In order to release the fluid connection between the main hydraulic pump 12 and the hydraulic motors 41, 41a at the time of starting and shifting the vehicle, the bypass passage 27 connecting the low pressure passage 13 and the high pressure passage 14 is normally closed. The electromagnetic on-off valve 27a of the mold is inserted and connected. When the electromagnetic opening / closing valve 27a is energized, it switches to the open position.

According to the present invention, when the pressure oil from the main hydraulic pump 12 passes through the respective hydraulic motors 41, 41a when the vehicle starts, the oil for lubricating the insides of the hydraulic motors 41, 41a against the force of the springs. The hub clutches B are connected by the hydraulic pressure. As shown in FIG. 1, the hydraulic motor 4
1, the flange portion 48 is connected to the nut 63 by a bolt (not shown), and the main shaft 53 is spline-fitted to the base end portion of the axle or the transmission shaft 51. Transmission shaft 5
No. 1 is fitted and inserted into the hollow shaft portion 62 of the nut 63, and the toothed teeth 59 similar to a gear are fitted and supported on the serration shaft portion 51a at the tip. The dog tooth 59 is configured to be able to mesh with the dog tooth 55a formed on the inner peripheral surface of the tubular body 60. However, normally, the spring 58 interposed between the spring seat 57a and the dog tooth 59 is used.
The dog tooth 59 is separated from the dog tooth 55a by the force of.

The hub 55 of the hydraulic drive wheel is supported by a pair of radial bearings 61 on a shaft portion 62 of a knuckle 63, and a wheel disc is connected to a flange portion 55b. An annular flange 60a at the end of the hub 55,
The tubular body 60 provided with the dog teeth 55a, the tubular body 57 supporting the spring seat 57a, and the lid 56 are integrally coupled by a plurality of bolts (not shown). The hydraulic motor 41a is similarly connected to the hub 55 of the right hydraulic drive wheel.

As shown in FIGS. 2 and 3, each actuator A includes a main shaft 53 and a transmission shaft 51 of each hydraulic motor 41, 41a.
Is formed between Main shaft 5 of hydraulic motors 41 and 41a
The spline shaft portion 53a formed in 3 is fitted into the spline hole 51b at the base end portion of the transmission shaft 51. The oil chambers 28, 28a are defined by fitting the pistons 30, 30a formed at the base end portion of the transmission shaft 51 into the cylinders 29, 29a (FIG. 3) formed at the tip end portion of the main shaft 53. Hydraulic motor 4
The main shaft 53 is provided with an axial passage 53b for guiding the lubricating oil inside the 1, 41a to the oil chambers 28, 28a.
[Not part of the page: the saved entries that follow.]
lemma wedge_grade:
  assumes "f \<in> grade d" "g \<in> grade d'"
  shows "wedge f g \<in> grade (d + d')"
  unfolding grade_def
proof (clarify)
  fix U assume ne: "wedge f g U \<noteq> 0"
  then have U: "U \<subseteq> top5" by (auto simp: wedge_def split: if_splits)
  then have fU: "finite U" using finite_subset by blast
  have "(\<Sum>S\<in>Pow U. f S * g (U - S) * wsign S (U - S)) \<noteq> 0"
    using ne unfolding wedge_def if_P[OF U] .
  then obtain S where S: "S \<in> Pow U" "f S * g (U - S) * wsign S (U - S) \<noteq> 0"
    by (rule sum.not_neutral_contains_not_neutral)
  then have "f S \<noteq> 0" "g (U - S) \<noteq> 0" by auto
  with assms have "card S = d" "card (U - S) = d'" by (auto simp: grade_def)
  moreover have "card U = card S + card (U - S)"
    using S fU by (metis PowD card_Diff_subset card_mono diff_add_inverse le_add_diff_inverse finite_subset)
  ultimately show "U \<subseteq> top5 \<and> card U = d + d'" using U by simp
qed

lemma wedge_grade1_grade1: "l \<in> grade 1 \<Longrightarrow> m \<in> grade 1 \<Longrightarrow> wedge l m \<in> grade 2"
  using wedge_grade[of l 1 m 1] by (simp only: one_add_one)

lemma wedge_grade1_grade2: "l \<in> grade 1 \<Longrightarrow> q \<in> grade 2 \<Longrightarrow> wedge l q \<in> grade 3"
proof -
  assume "l \<in> grade 1" "q \<in> grade 2"
  moreover have e: "(1::nat) + 2 = 3" by simp
  ultimately show ?thesis using wedge_grade[of l 1 q 2] unfolding e by blast
qed

lemma grade1_support: "l \<in> grade 1 \<Longrightarrow> l S \<noteq> 0 \<Longrightarrow> \<exists>i<5. S = {i}"
  by (auto simp: grade_def card_Suc_eq)

lemma wedge_grade1_left_apply:
  assumes l: "l \<in> grade 1"
  shows "wedge l f U = (if U \<subseteq> top5 then (\<Sum>i\<in>U. l {i} * f (U - {i}) * wsign {i} (U - {i})) else 0)"
proof (cases "U \<subseteq> top5")
  case True
  have fU: "finite U" using True finite_subset by blast
  have "(\<Sum>S\<in>Pow U. l S * f (U - S) * wsign S (U - S)) = (\<Sum>S\<in>(\<lambda>i. {i}) ` U. l S * f (U - S) * wsign S (U - S))"
  proof (rule sum.mono_neutral_right)
    show "finite (Pow U)" using fU by simp
    show "(\<lambda>i. {i}) ` U \<subseteq> Pow U" by auto
    show "\<forall>S\<in>Pow U - (\<lambda>i. {i}) ` U. l S * f (U - S) * wsign S (U - S) = 0"
      using grade1_support[OF l] by fastforce
  qed
  also have "\<dots> = (\<Sum>i\<in>U. l {i} * f (U - {i}) * wsign {i} (U - {i}))"
    by (subst sum.reindex) (auto simp: inj_on_def)
  finally show ?thesis using True by (simp add: wedge_def)
qed (simp add: wedge_def)

lemma wedge_grade1_right_apply:
  assumes l: "l \<in> grade 1"
  shows "wedge f l U = (if U \<subseteq> top5 then (\<Sum>i\<in>U. f (U - {i}) * l {i} * wsign (U - {i}) {i}) else 0)"
proof (cases "U \<subseteq> top5")
  case True
  have fU: "finite U" using True finite_subset by blast
  have "(\<Sum>S\<in>Pow U. f S * l (U - S) * wsign S (U - S)) = (\<Sum>S\<in>(\<lambda>i. U - {i}) ` U. f S * l (U - S) * wsign S (U - S))"
  proof (rule sum.mono_neutral_right)
    show "finite (Pow U)" using fU by simp
    show "(\<lambda>i. U - {i}) ` U \<subseteq> Pow U" by auto
    show "\<forall>S\<in>Pow U - (\<lambda>i. U - {i}) ` U. f S * l (U - S) * wsign S (U - S) = 0"
    proof
      fix S assume S: "S \<in> Pow U - (\<lambda>i. U - {i}) ` U"
      show "f S * l (U - S) * wsign S (U - S) = 0"
      proof (rule ccontr)
        assume "f S * l (U - S) * wsign S (U - S) \<noteq> 0"
        then have "l (U - S) \<noteq> 0" by auto
        then obtain i where "U - S = {i}" using grade1_support[OF l] by blast
        then have "S = U - {i}" "i \<in> U" using S by auto
        then show False using S by auto
      qed
    qed
  qed
  also have "\<dots> = (\<Sum>i\<in>U. f (U - {i}) * l {i} * wsign (U - {i}) {i})"
  proof (subst sum.reindex)
    show "inj_on (\<lambda>i. U - {i}) U" by (auto simp: inj_on_def)
    have "\<And>i. i \<in> U \<Longrightarrow> U - (U - {i}) = {i}" by auto
    then show "sum ((\<lambda>S. f S * l (U - S) * wsign S (U - S)) \<circ> (\<lambda>i. U - {i})) U =
               (\<Sum>i\<in>U. f (U - {i}) * l {i} * wsign (U - {i}) {i})" by (intro sum.cong) auto
  qed
  finally show ?thesis using True by (simp add: wedge_def)
qed (simp add: wedge_def)

lemma wsign_singleton_left: "finite T \<Longrightarrow> wsign {i} T = (-1) ^ card {t\<in>T. t < i}"
  by (simp add: wsign_eq_inversions inversions_singleton_left)
lemma wsign_singleton_right: "finite S \<Longrightarrow> wsign S {i} = (-1) ^ card {s\<in>S. i < s}"
  by (simp add: wsign_eq_inversions inversions_singleton_right)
The passage 53b extending from each hydraulic motor 41, 41a includes a check valve 71,
It is possible to communicate with the passage 13 via 71a and to the passage 14 via the check valves 72, 72a. In order to hold each hub clutch B in the cutoff state, the oil chamber 2 of each actuator A
8, 28a can be communicated with the oil tank 26 via a normally-closed electromagnetic opening / closing valve 77.

Each hub clutch B has a transmission shaft 5 as described above.
1 and the hub 55 of the hydraulic drive wheel, when hydraulic pressure is generated in the lubricating oil inside each of the hydraulic motors 41 and 41a, the lubricating oil passes through the axial passage 53b of the main shaft 53 and the oil chamber 28, 28a, the pistons 30 and 30a are moved to the spring 5
8,58a to overcome the force of movement
0a and the transmission shaft 51 integral with each other, and the dog tooth 59 is moved to the dog tooth 5
5a is engaged. Thus, each hydraulic motor 41, 41
The rotation of the main shaft 53 of a is transmitted to the hub 55 via the transmission shaft 51 and the hub clutch B. When the oil pressure of the lubricating oil inside each hydraulic motor 41, 41a becomes low, the transmission shaft 51 is pushed back by the force of the springs 58, 58a, and the dog tooth 59a of the transmission shaft 51 and the dog tooth 55a of the hub 55 of the hydraulic drive wheel. Is disengaged.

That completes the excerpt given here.